I was caught by surprise. I had nothing prepared. How does one explain billions of years of evolution (this is what we will be teaching our children) when she can hardly grasp the concept of the five years she's been alive in this world?

Just now I was researching a better way of explaining it on a level she'd understand. I found this here:

The most success I have had in getting the concept across is to keep coming back to natural selection. How some things live and some things don't. And the things that live have babies just like themselves so eventually everything looks like them.

You can play a game with colored jelly beans or M&M's to illustrate this point. Use a colored paper background, a colored carpet or, best of all, the green lawn. Talk about how there are many different colored jelly-bean-people hiding in the grass and a predator wants to fly down and eat them. Spread out the jelly beans and have the child pretend to be a predator -- catching the ones that are the easiest to see in a short period of time. Then collect the remaining ones and discuss how the green ones and the black ones "survived" and now there will only be green and black jellybean babies –- at least until the first snow.

How have you explained this big question to your child? Is there a better way?

Comments

I hope I didn't offend anyone with my post. It wasn't my intention. Although I don't want this thread descending into a religous debate, I would still be interested in hearing people's comments.

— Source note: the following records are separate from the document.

lemma insert_None_mem_convex_expansion_iff:
  assumes po: "partial_order_on_set P le" and "finite P"
    and a1: "a1 \<in> filters P le" and "F \<subseteq> P"
  shows "insert None (Some ` F) \<in> convex_expansion P le a0 a1 \<longleftrightarrow> F \<in> down_K (filters P le) a1"
proof
  assume E: "insert None (Some ` F) \<in> convex_expansion P le a0 a1"
  then have "F \<in> filters P le"
    using \<open>F \<subseteq> P\<close> unfolding convex_expansion_def filters_def PK_carrier_def by fastforce
  moreover have "a1 \<subseteq> F"
  proof
    fix y assume "y \<in> a1"
    moreover have "a1 \<subseteq> P"
      using a1 unfolding filters_def by auto
    ultimately have "PK_le P le a0 a1 None (Some y)"
      using S1_below[OF po \<open>finite P\<close>] by auto
    then show "y \<in> F"
      using E \<open>y \<in> a1\<close> \<open>a1 \<subseteq> P\<close>
      unfolding convex_expansion_def filters_def PK_carrier_def by blast
  qed
  ultimately show "F \<in> down_K (filters P le) a1"
    unfolding down_K_def filt_le_def by blast
next
  assume "F \<in> down_K (filters P le) a1"
  then have F: "F \<in> filters P le" "a1 \<subseteq> F"
    unfolding down_K_def filt_le_def by auto
  have "y \<in> F" if "PK_le P le a0 a1 None (Some y)" "y \<in> P" for y
    using that F a1 unfolding filters_def by (auto simp: S1_def)
  with F show "insert None (Some ` F) \<in> convex_expansion P le a0 a1"
    unfolding convex_expansion_def filters_def PK_carrier_def
    by (auto elim!: PK_le.elims)
qed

I was going to comment, but didn't because of differing beliefs about how this world began. I didn't want to offend, so I kept quiet. Perhaps that's the reason why everyone else did too.

Since we are devout Christians, we believe God created this world. Tony hears about this every day in family worship in church, and soon will be hearing about it in school.

I'm disappointed that no-one commented! I've been curious to see what people would say. I don't have any kids, but I hope to some day, and I'm evolutionary biologist, so this question is important to me.

I think the jellybean idea is great. And since she picked out elephants, you can also talk about trunks, and large ears, and why they might be advantageous. A short trunk is better than no trunk, but a longer one is even better, etc. You can talk about eating from trees, and needing to be able to reach. The baby elephants that grow up to have longer trunks will eat more leaves, and have more babies of their own.